Ah dammit.. I reread the question

they're asking.. what the probability of the unaffected sibling being Aa.. dammit ahhh. how did i miss that

not

what is the probability of the sibling being Aa.

Dammit

nice.....😉

 

[ssquared]

Ah dammit.. I reread the question

they're asking.. what the probability of the unaffected sibling being Aa.. dammit ahhh. how did i miss that

not

what is the probability of the sibling being Aa.

Dammit

This question is very typical of both Kaplan and AAMC type questions. You must read the question very carefully! Good thing you're learning this lesson while studying, unlike the hard way (when taking the real thing).

 

[Creightonite]

A condition called A-T is an autosomal recessive disease

What is the probability that an unaffected sibling of an affected individual will be heterozygous for A-T?

A) 0%
B) 25%
C) 50%
D) 67%

The affected individual can have parents: Aa x aa or Aa x Aa

Each of the above has a 50% chance of producing Aa per reproduction.
So the answer SHOULD be 50%

Kaplan's answer:

For some reason assume parents are Aa x Aa.. do a cross.. you get:

1 AA, 2 Aa, 1 aa

Since 1 aa was already created (the unaffected person), the probability of the sibling being heterozygous is 2/3, or 67%

This is obviously wrong. You can't just eliminate aa... each reproduction is SEPARATE

hey, which problem is it? There was one in lesson book, but i think it is from elsewhere.

 

[quiksilver87]

so who has the answer right?
if you take both crosses into consideration = Aa x aa and Aa x Aa


for the Aa x aa, all the siblings that are unaffected are hetero
for Aa x Aa, only 3 out of 4 are unaffected

thus totall number of possibilities of being unaffected = 2 + 3
Total number of unaffected heteros = 4

Thus, the prob should be 4/5 or 80%

FINALLY

 

[DiscoDoc]

I still don't understand what happened to Aa x aa

edit: What does it say about the parents being Aa x aa or Aa x Aa? Is it a 50/50 chance between the two?

Generally with autosomal recessive genes you make an "ass" out of "u" and "me" and say that the frequency of double recessives is rare. Thus parents are wildtype unless otherwise specified. So we assume AA for both.

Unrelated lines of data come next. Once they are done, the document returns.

lemma nu_bounds: "a4 / c1 < \<nu>" "a4 * (c1 + c2) / (c1 * c3) < \<nu>" "\<nu> < a3 / c4"
proof -
  define l where "l = max (a4 / c1) (a4 * (c1 + c2) / (c1 * c3))"
  have "a4 / c1 < a3 / c4" using gain1 pos by (simp add: field_simps)
  moreover have "a4 * (c1 + c2) / (c1 * c3) < a3 / c4" using gain2 pos by (simp add: field_simps)
  ultimately have "l < a3 / c4" by (simp add: l_def)
  moreover have "a4 / c1 \<le> l" "a4 * (c1 + c2) / (c1 * c3) \<le> l" by (simp_all add: l_def)
  moreover have "\<nu> = (l + a3 / c4) / 2" by (simp add: \<nu>_def l_def)
  ultimately show "a4 / c1 < \<nu>" "a4 * (c1 + c2) / (c1 * c3) < \<nu>" "\<nu> < a3 / c4"
    by auto
qed

lemma mu_pos: "\<mu> > 0"
  using nu_bounds by (simp add: \<mu>_def)

lemma nu_eq: "\<nu> = \<mu> + a4 / c1"
  by (simp add: \<mu>_def)

lemma nu_pos: "\<nu> > 0"
  unfolding nu_eq using mu_pos pos by (intro add_pos_pos divide_pos_pos)

lemma zeta_decrease_pos: "a3 - \<nu> * c4 > 0"
  using nu_bounds(3) pos by (simp add: field_simps)

lemma eps_decrease_bound: "(\<nu> * c3 - a4) / c2 > a4 / c1"
proof -
  have "\<nu> * c3 - a4 > a4 * c2 / c1" using nu_bounds(2) pos by (simp add: field_simps)
  then show ?thesis using pos by (simp add: field_simps)
qed

lemma rho_pos: "\<rho> > 0"
  by (simp add: \<rho>_def)

lemma rho_less_1: "\<rho> < 1"
proof -
  have "(\<nu> - (\<nu> * c3 - a4) / c2) / \<mu> < 1"
    using eps_decrease_bound mu_pos by (simp add: nu_eq)
  then show ?thesis using zeta_decrease_pos pos by (simp add: \<rho>_def)
qed

lemma rho_bounds: "1 - (a3 - \<nu> * c4) / a2 \<le> \<rho>" "\<nu> - (\<nu> * c3 - a4) / c2 \<le> \<rho> * \<mu>"
proof -
  show "1 - (a3 - \<nu> * c4) / a2 \<le> \<rho>" by (simp add: \<rho>_def)
  have "(\<nu> - (\<nu> * c3 - a4) / c2) / \<mu> \<le> \<rho>" by (simp add: \<rho>_def)
  then show "\<nu> - (\<nu> * c3 - a4) / c2 \<le> \<rho> * \<mu>" using mu_pos by (simp add: field_simps)
qed

lemma m_pos: "m > 0"
  using pos mu_pos by (simp add: m_def)

lemma M_pos: "M > 0"
  using pos by (simp add: M_def)

lemma combined_lower_bound:
  assumes "a1 * z \<le> V" "c1 * e \<le> W" "0 \<le> z" "0 \<le> e"
  shows "m * (z + e) \<le> V + \<mu> * W"
proof -
  have "m * z \<le> a1 * z" using \<open>0 \<le> z\<close> by (intro mult_right_mono) (auto simp: m_def)
  moreover have "m * e \<le> \<mu> * c1 * e" using \<open>0 \<le> e\<close> by (intro mult_right_mono) (auto simp: m_def)
  moreover have "\<mu> * c1 * e \<le> \<mu> * W" using assms(2) mu_pos by (simp add: mult.assoc)
  ultimately show ?thesis using assms(1) by (simp add: algebra_simps)
qed

lemma combined_upper_bound:
  assumes "V \<le> a2 * z" "W \<le> c2 * e" "0 \<le> z" "0 \<le> e"
  shows "V + \<mu> * W \<le> M * (z + e)"
proof -
  have "a2 * z \<le> M * z" using \<open>0 \<le> z\<close> by (intro mult_right_mono) (auto simp: M_def)
  moreover have "\<mu> * c2 * e \<le> M * e" using \<open>0 \<le> e\<close> by (intro mult_right_mono) (auto simp: M_def)
  moreover have "\<mu> * W \<le> \<mu> * c2 * e" using assms(2) mu_pos by (simp add: mult.assoc)
  ultimately show ?thesis using assms(1) by (simp add: algebra_simps)
qed
(* Let $G=(V,E)$ be a finite simple graph. If the graphic matroid of $G$ has a rainbow circuit-free coloring in which each color is used at most twice, then $G$ is $(2,3)$-sparse.
   Context: The graphic matroid of $G$ has ground set $E$, independent sets being the edge sets of forests; its circuits are the edge sets of cycles. A coloring of $E$ is a partition into nonempty color classes; it is rainbow circuit-free if no cycle of $G$ has all its edges of pairwise different colors. $G$ is $(2,3)$-sparse if $|E[X]|\leq 2|X|-3$ for every $X\subseteq V$ with $|X|\geq 2$, where $E[X]$ is the set of edges with both endpoints in $X$. *)

theory Defs
  imports Main "HOL-Library.Disjoint_Sets"
begin

definition simple_graph :: "'a set \<Rightarrow> 'a set set \<Rightarrow> bool" where
  "simple_graph V E \<longleftrightarrow> finite V \<and>
     (\<forall>e\<in>E. \<exists>u v. u \<noteq> v \<and> u \<in> V \<and> v \<in> V \<and> e = {u, v})"

definition is_cycle :: "'a set set \<Rightarrow> 'a list \<Rightarrow> bool" where
  "is_cycle E vs \<longleftrightarrow> length vs \<ge> 3 \<and> distinct vs \<and>
     (\<forall>i < length vs. {vs ! i, vs ! ((i + 1) mod length vs)} \<in> E)"

definition cycle_edges :: "'a list \<Rightarrow> 'a set set" where
  "cycle_edges vs = {{vs ! i, vs ! ((i + 1) mod length vs)} | i. i < length vs}"

definition graphic_circuit :: "'a set set \<Rightarrow> 'a set set \<Rightarrow> bool" where
  "graphic_circuit E C \<longleftrightarrow> (\<exists>vs. is_cycle E vs \<and> C = cycle_edges vs)"

text \<open>A coloring is a partition P of E into nonempty color classes. It is rainbow
  circuit-free if no circuit has all its edges of pairwise different colors.\<close>
definition rainbow_circuit_free :: "'a set set \<Rightarrow> 'a set set set \<Rightarrow> bool" where
  "rainbow_circuit_free E P \<longleftrightarrow>
     \<not> (\<exists>C. graphic_circuit E C \<and> (\<forall>X\<in>P. card (C \<inter> X) \<le> 1))"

But we know one child is affected so both parents have to be Aa.
I haven't come across any AAMC questions that require this assumption though.

 

[ahmedqman]

OMG... that is a dirty question. I hope they aren't all like this. Oh well, I'll be sure to read carefully!

 

[mrmilad]

Well since its an autosomal recessive maybe they are assuming that it is a rare to be affected, so thus its more likely that the parents are heterozygous. Although that is still a terrible question.

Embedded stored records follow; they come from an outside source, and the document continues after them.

(* In the multi-commodity market model described in the context, assume all lower bounds $\alpha'_{is}$, $\beta'_{js}$ are finite real numbers (upper bounds may equal $+\infty$), the set $W$ is nonempty, and all price functions $g_{is}$ and $h_{js}$ ($i\in I_s$, $j\in J_s$, $s\in N$) are continuous on $W$. Suppose the following coercivity condition (C) holds: there exists $r>0$ such that for every $w=(x,y)\in W$, every $s\in N$ and every $l\in J^u_s$ with $y_{ls}>\max\{r,\beta'_{ls}\}$, there exists $k\in I^u_s$ with $x_{ks}>\alpha'_{ks}$ and $g_{ks}(w)\ge h_{ls}(w)$. Then the variational inequality $$\text{find } \bar w\in W:\ \sum_{s\in N}\Big[\sum_{i\in I_s} g_{is}(\bar w)(x_{is}-\bar x_{is})-\sum_{j\in J_s} h_{js}(\bar w)(y_{js}-\bar y_{js})\Big]\ge 0\quad \forall w=(x,y)\in W$$ has a solution.
   Context: Let $N=\{1,\dots,n\}$ index commodities. For each $s\in N$ let $I_s$ (traders) and $J_s$ (buyers) be finite index sets. Variables: offer values $x_{is}$, $i\in I_s$, and bid values $y_{js}$, $j\in J_s$; $x=(x_{is})$, $y=(y_{js})$, $w=(x,y)\in\mathbb{R}^m$. Capacity bounds: $\alpha'_{is}\in\mathbb{R}$, $\alpha''_{is}\in(\alpha'_{is},+\infty]$, $\beta'_{js}\in\mathbb{R}$, $\beta''_{js}\in(\beta'_{js},+\infty]$. Given $b_s\in\mathbb{R}$, the feasible set is $W=\prod_{s\in N}W_s$ with $$W_s=\Big\{(x_{(s)},y_{(s)}) : \sum_{i\in I_s}x_{is}-\sum_{j\in J_s}y_{js}=b_s,\ \alpha'_{is}\le x_{is}\le\alpha''_{is}\ (i\in I_s),\ \beta'_{js}\le y_{js}\le\beta''_{js}\ (j\in J_s)\Big\}$$ (an upper bound $+\infty$ means no upper constraint). Price functions $g_{is},h_{js}:W\to\mathbb{R}$. Index sets of unbounded participants: $I^u_s=\{i\in I_s:\alpha''_{is}=+\infty\}$, $J^u_s=\{j\in J_s:\beta''_{js}=+\infty\}$. *)

theory Defs
  imports "HOL-Analysis.Analysis"
begin

text \<open>A point w = (x,y) is a pair of functions: x i s is the offer of trader i of
commodity s, y j s the bid of buyer j of commodity s. Coordinates outside the
index sets are fixed to 0, so W is a subset of a copy of R^m (product topology).
Upper bounds are extended reals (\<infinity> means no upper bound).\<close>

type_synonym ('i,'j) point = "('i \<Rightarrow> nat \<Rightarrow> real) \<times> ('j \<Rightarrow> nat \<Rightarrow> real)"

Aa more likely to occur than aa

 

[BrokenGlass]

although i think we're making too much of this problem my logic is that the parents are much more likely to be Aa than aa, with aa being so uncommon it is negligible. carriers of a recessive disorder are far more common than the homozygous recessive, especially if the disorder is early acting or lethal.

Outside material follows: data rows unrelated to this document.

lemma generate_subset_set_mult:
  "generate G {x, y, z, w} \<subseteq> generate G {x, y} <#> generate G {z, w}"
proof -
  let ?H = "generate G {x, y}" and ?K = "generate G {z, w}"
  have H: "subgroup ?H G" and K: "subgroup ?K G" by (simp_all add: generate_is_subgroup)
  have in_HK: "h \<otimes> k \<in> ?H <#> ?K" if "h \<in> ?H" "k \<in> ?K" for h k
    using that by (auto simp: set_mult_def)
  have x_pow: "x [^] (i::nat) \<in> ?H" and y: "y \<in> ?H" for i
    by (auto intro: subgroup_nat_pow_closed[OF H] generate.incl)
  have z_pow: "z [^] (m::nat) \<in> ?K" and w_pow: "w [^] (l::nat) \<in> ?K" for m l
    by (auto intro: subgroup_nat_pow_closed[OF K] generate.incl)
  have xz: "h \<otimes> (p \<otimes> k) \<in> ?H <#> ?K" if "h \<in> ?H" "p \<in> xz_products" "k \<in> ?K" for h p k
  proof -
    obtain i m :: nat where p: "p = x [^] i \<otimes> z [^] m" using \<open>p \<in> xz_products\<close> by (rule xz_productsE)
    have "h \<otimes> (p \<otimes> k) = (h \<otimes> x [^] i) \<otimes> (z [^] m \<otimes> k)"
      using that subgroup.mem_carrier[OF H] subgroup.mem_carrier[OF K] by (simp add: p m_assoc)
    then show ?thesis
      using that x_pow z_pow H K by (auto intro!: in_HK subgroup.m_closed)
  qed
  have K_mult: "k \<otimes> a \<in> ?H <#> ?K" if k: "k \<in> ?K" and a: "a \<in> {x, y}" for k a
  proof -
    obtain c l :: nat where "l < 2" and kcl: "k = z [^] c \<otimes> w [^] l"
      using k generate_z_w_subset by fastforce
    then have wx: "w [^] l \<otimes> x = x \<otimes> (z [^] (4 * l) \<otimes> w [^] l)"
      and wy: "w [^] l \<otimes> y = y \<otimes> w [^] l"
      using w_mult_x w_y_comm by (auto simp: less_2_cases_iff)
    have "k \<otimes> x = z [^] c \<otimes> (w [^] l \<otimes> x)"
      by (simp add: kcl m_assoc)
    then have kx: "k \<otimes> x = \<one> \<otimes> ((z [^] c \<otimes> x) \<otimes> (z [^] (4 * l) \<otimes> w [^] l))"
      by (simp add: wx m_assoc)
    have "k \<otimes> y = (z [^] c \<otimes> y) \<otimes> w [^] l"
      by (simp add: kcl m_assoc wy)
    then have ky: "k \<otimes> y = y \<otimes> ((z \<otimes> x [^] (4::nat)) [^] c \<otimes> w [^] l)"
      by (simp add: z_pow_mult_y m_assoc)
    have "z [^] (4 * l) \<otimes> w [^] l \<in> ?K"
      using z_pow w_pow K by (auto intro: subgroup.m_closed)
    then have "k \<otimes> x \<in> ?H <#> ?K"
      unfolding kx by (rule xz[OF subgroup.one_closed[OF H] z_pow_mult_x])
    moreover have "k \<otimes> y \<in> ?H <#> ?K"
      unfolding ky by (rule xz[OF y z_x4_pow w_pow])
    ultimately show ?thesis using a by auto
  qed
  show ?thesis
  proof (rule generate_subset_if_right_mult_closed)
    show "?H <#> ?K \<subseteq> carrier G"
      using H K by (auto simp: set_mult_def intro: subgroup.mem_carrier)
    show "\<one> \<in> ?H <#> ?K"
      using in_HK[OF subgroup.one_closed[OF H] subgroup.one_closed[OF K]] by simp
    fix s a assume s: "s \<in> ?H <#> ?K" and a: "a \<in> {x, y, z, w}"
    then obtain h k where hk: "h \<in> ?H" "k \<in> ?K" "s = h \<otimes> k" by (auto simp: set_mult_def)
    then have s_a: "s \<otimes> a = h \<otimes> (k \<otimes> a)"
      using a subgroup.mem_carrier[OF H] subgroup.mem_carrier[OF K] by (auto simp: m_assoc)
    show "s \<otimes> a \<in> ?H <#> ?K"
    proof (cases "a \<in> {x, y}")
      case True
      then obtain h' k' where h'k': "h' \<in> ?H" "k' \<in> ?K" "k \<otimes> a = h' \<otimes> k'"
        using K_mult[OF hk(2) True] by (auto simp: set_mult_def)
      then have "s \<otimes> a = (h \<otimes> h') \<otimes> k'"
        using s_a hk(1) subgroup.mem_carrier[OF H] subgroup.mem_carrier[OF K] by (simp add: m_assoc)
      moreover have "h \<otimes> h' \<in> ?H" using subgroup.m_closed[OF H hk(1) h'k'(1)] .
      ultimately show ?thesis using in_HK h'k'(2) by simp
    next
      case False
      then have "k \<otimes> a \<in> ?K" using a hk(2) K by (auto intro: subgroup.m_closed generate.incl)
      then show ?thesis using s_a in_HK[OF hk(1)] by simp
    qed
  next
    fix a assume "a \<in> {x, y, z, w}"
    then show "\<exists>n>0. a [^] (n::nat) = \<one>"
      using x_order y_order z_order w_order by (metis insertE singletonD zero_less_numeral)
  qed simp
qed

lemma pow_in_generate: "a \<in> carrier G \<Longrightarrow> a [^] (n::nat) \<in> generate G {a}"
  by (rule subgroup_nat_pow_closed[OF generate_is_subgroup]) (auto intro: generate.incl)

lemma normal_generate_x_sq:
  assumes "generate G {x, y, z, w} = carrier G"
  shows "generate G {x [^] (2::nat)} \<lhd> G"
proof (rule normal_generate_if_conj_closed[OF _ assms])
  have x_sq: "x [^] (2::nat) \<in> generate G {x [^] (2::nat)}" and
    x6: "x [^] (6::nat) \<in> generate G {x [^] (2::nat)}"
    using pow_in_generate[of "x [^] (2::nat)" 1] pow_in_generate[of "x [^] (2::nat)" 3]
    by (simp_all add: nat_pow_pow)
  have "x \<otimes> x [^] (2::nat) \<otimes> inv x = x [^] (2::nat)" "inv x \<otimes> x [^] (2::nat) \<otimes> x = x [^] (2::nat)"
    by (simp_all add: m_assoc numeral_2_eq_2)
  moreover have "inv y \<otimes> x [^] (2::nat) \<otimes> y = x [^] (6::nat)"
    by (simp add: conj_pow y_conj_x nat_pow_pow)
  ultimately show "a \<otimes> b \<otimes> inv a \<in> generate G {x [^] (2::nat)}"
    and "inv a \<otimes> b \<otimes> a \<in> generate G {x [^] (2::nat)}"
    if "a \<in> {x, y, z, w}" and "b \<in> {x [^] (2::nat)}" for a b
    using that x_sq x6 z_inv_conj_x_sq z_conj_x_sq w_conj_x_sq by (auto simp: inv_y inv_w)
qed auto

lemma normal_generate_z_sq:
  assumes "generate G {x, y, z, w} = carrier G"
  shows "generate G {z [^] (2::nat)} \<lhd> G"
proof (rule normal_generate_if_conj_closed[OF _ assms])
  have z_sq: "z [^] (2::nat) \<in> generate G {z [^] (2::nat)}" and
    z6: "z [^] (6::nat) \<in> generate G {z [^] (2::nat)}"
    using pow_in_generate[of "z [^] (2::nat)" 1] pow_in_generate[of "z [^] (2::nat)" 3]
    by (simp_all add: nat_pow_pow)
  have "z \<otimes> z [^] (2::nat) \<otimes> inv z = z [^] (2::nat)" "inv z \<otimes> z [^] (2::nat) \<otimes> z = z [^] (2::nat)"
    by (simp_all add: m_assoc numeral_2_eq_2)
  moreover have "inv w \<otimes> z [^] (2::nat) \<otimes> w = z [^] (6::nat)"
    by (simp add: conj_pow w_conj_z nat_pow_pow)
  ultimately show "a \<otimes> b \<otimes> inv a \<in> generate G {z [^] (2::nat)}"
    and "inv a \<otimes> b \<otimes> a \<in> generate G {z [^] (2::nat)}"
    if "a \<in> {x, y, z, w}" and "b \<in> {z [^] (2::nat)}" for a b
    using that z_sq z6 x_inv_conj_z_sq x_conj_z_sq y_conj_z_sq by (auto simp: inv_y inv_w)
qed auto

lemma w_inv_conj_x_pow_odd: "odd k \<Longrightarrow> w \<otimes> x [^] (k::nat) \<otimes> inv w = x [^] k \<otimes> z [^] (4::nat)"
  using w_conj_x_pow_odd[of "k div 2"] by (simp add: inv_w)

lemma y_inv_conj_z_pow_odd: "odd k \<Longrightarrow> y \<otimes> z [^] (k::nat) \<otimes> inv y = z [^] k \<otimes> x [^] (4::nat)"
  using y_conj_z_pow_odd[of "k div 2"] by (simp add: inv_y)

end

lemma group_G6: "group G6"
  unfolding G6_def by (rule group_presented_group)

lemma G6_mult: "pres_class G_rels u \<otimes>\<^bsub>G6\<^esub> pres_class G_rels v = pres_class G_rels (u @ v)"
  by (simp add: G6_def)

lemma G6_inv: "inv\<^bsub>G6\<^esub> pres_class G_rels u = pres_class G_rels (inv_word u)"
  by (simp add: G6_def presented_group_inv)

lemma G6_one: "\<one>\<^bsub>G6\<^esub> = pres_class G_rels []"
  by (simp add: G6_def presented_group_one)

lemma G6_gen_pow: "pres_class G_rels [(g, False)] [^]\<^bsub>G6\<^esub> (n::nat) = pres_class G_rels (gpow g n)"
  by (simp add: G6_def pres_class_gpow pres_gen_def)

lemma G6_carrier: "carrier G6 = range (pres_class G_rels)"
  by (simp add: G6_def presented_group_carrier)

lemmas G6_eval = G6_mult G6_inv G6_one G6_gen_pow pres_gen_def

interpretation G6: G6_relations G6 "pres_gen G_rels gX" "pres_gen G_rels gY" "pres_gen G_rels gZ" "pres_gen G_rels gW"
proof (rule G6_relations.intro[OF group_G6], unfold_locales)
qed (simp_all add: G6_carrier G6_eval, (rule pres_class_rel, simp add: G_rels_def)+)

lemma generate_G6_generators:
  "generate G6 {pres_gen G_rels gX, pres_gen G_rels gY, pres_gen G_rels gZ, pres_gen G_rels gW} = carrier G6"
proof -
  have "UNIV = {gX, gY, gZ, gW}"
    using gen4.exhaust by blast
  then have "range (pres_gen G_rels) = {pres_gen G_rels gX, pres_gen G_rels gY, pres_gen G_rels gZ, pres_gen G_rels gW}"
    by (metis image_empty image_insert)
  then show ?thesis using generate_pres_gen[of G_rels] by (simp add: G6_def)
qed

lemma G6_set_mult_eq_carrier:
  "generate G6 {pres_gen G_rels gX, pres_gen G_rels gY} <#>\<^bsub>G6\<^esub> generate G6 {pres_gen G_rels gZ, pres_gen G_rels gW}
    = carrier G6"
proof
  show "carrier G6 \<subseteq> generate G6 {pres_gen G_rels gX, pres_gen G_rels gY} <#>\<^bsub>G6\<^esub> generate G6 {pres_gen G_rels gZ, pres_gen G_rels gW}"
    using G6.generate_subset_set_mult generate_G6_generators by simp
  show "generate G6 {pres_gen G_rels gX, pres_gen G_rels gY} <#>\<^bsub>G6\<^esub> generate G6 {pres_gen G_rels gZ, pres_gen G_rels gW} \<subseteq> carrier G6"
    by (intro G6.set_mult_closed subgroup.subset[OF G6.generate_is_subgroup]) auto
qed

fun H_coset_action :: "gen4 letter \<Rightarrow> nat \<times> nat \<Rightarrow> nat \<times> nat" where
  "H_coset_action (gX, _) (a, b) = ((4 * b + 8 - a) mod 8, b)"
| "H_coset_action (gY, _) p = p"
| "H_coset_action (gZ, False) (a, b) = ((a + 3 ^ b) mod 8, b)"
| "H_coset_action (gZ, True) (a, b) = ((a + 8 - 3 ^ b) mod 8, b)"
| "H_coset_action (gW, _) (a, b) = (a, 1 - b)"

fun K_coset_action :: "gen4 letter \<Rightarrow> nat \<times> nat \<Rightarrow> nat \<times> nat" where
  "K_coset_action (gX, False) (i, j) = ((i + 3 ^ j) mod 8, j)"
| "K_coset_action (gX, True) (i, j) = ((i + 8 - 3 ^ j) mod 8, j)"
| "K_coset_action (gY, _) (i, j) = (i, 1 - j)"
| "K_coset_action (gZ, _) (i, j) = ((3 * i + 4 * j) mod 8, j)"
| "K_coset_action (gW, _) p = p"

lemma H_coset_action_closed: "q \<in> {..<8} \<times> {..<2} \<Longrightarrow> H_coset_action l q \<in> {..<8} \<times> {..<2}"
  by (cases "(l, q)" rule: H_coset_action.cases) auto

lemma K_coset_action_closed: "q \<in> {..<8} \<times> {..<2} \<Longrightarrow> K_coset_action l q \<in> {..<8} \<times> {..<2}"
  by (cases "(l, q)" rule: K_coset_action.cases) auto

lemma replicate_numeral: "replicate (numeral n) a = a # replicate (pred_numeral n) a"
  by (simp add: numeral_eq_Suc)

lemma coset_label_cases:
  assumes "q \<in> {..<8::nat} \<times> {..<2::nat}"
  obtains a b where "q = (a, b)" "a \<in> {0, 1, 2, 3, 4, 5, 6, 7}" "b \<in> {0, 1}"
proof -
  obtain a b where "q = (a, b)" "a < 8" "b < 2" using assms by auto
  moreover have "a \<in> {0, 1, 2, 3, 4, 5, 6, 7}" "b \<in> {0, 1}"
    using \<open>a < 8\<close> \<open>b < 2\<close> by auto
  ultimately show ?thesis using that by blast
qed

lemma H_coset_action_cancel:
  "q \<in> {..<8} \<times> {..<2} \<Longrightarrow> H_coset_action (g, \<not> b) (H_coset_action (g, b) q) = q"
  by (erule coset_label_cases) (cases g; cases b; auto)

lemma K_coset_action_cancel:
  "q \<in> {..<8} \<times> {..<2} \<Longrightarrow> K_coset_action (g, \<not> b) (K_coset_action (g, b) q) = q"
  by (erule coset_label_cases) (cases g; cases b; auto)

I agree. Recessive mutations in homozygous form are very rare. The reason is probability and the assumption that the 2 alleles at the same locus would mutate independently of each other (so you MULTIPLY probabilities due to the independence assumption, thus making the overall probability a very small number). Since one of the children is affected (i.e has the disease), each of the parents has at least one recessive allele. And since it's extermently unlikely that either parent is homozygous recessive (for the reasons stated above0, both parents are heterozygous recessive.

I know that for an MIT graduate I have a very poor command of English, but I hope this made sense.

 

[DiscoDoc]

Correction: There actually was a question on AAMC CBT 3 that required this assumption.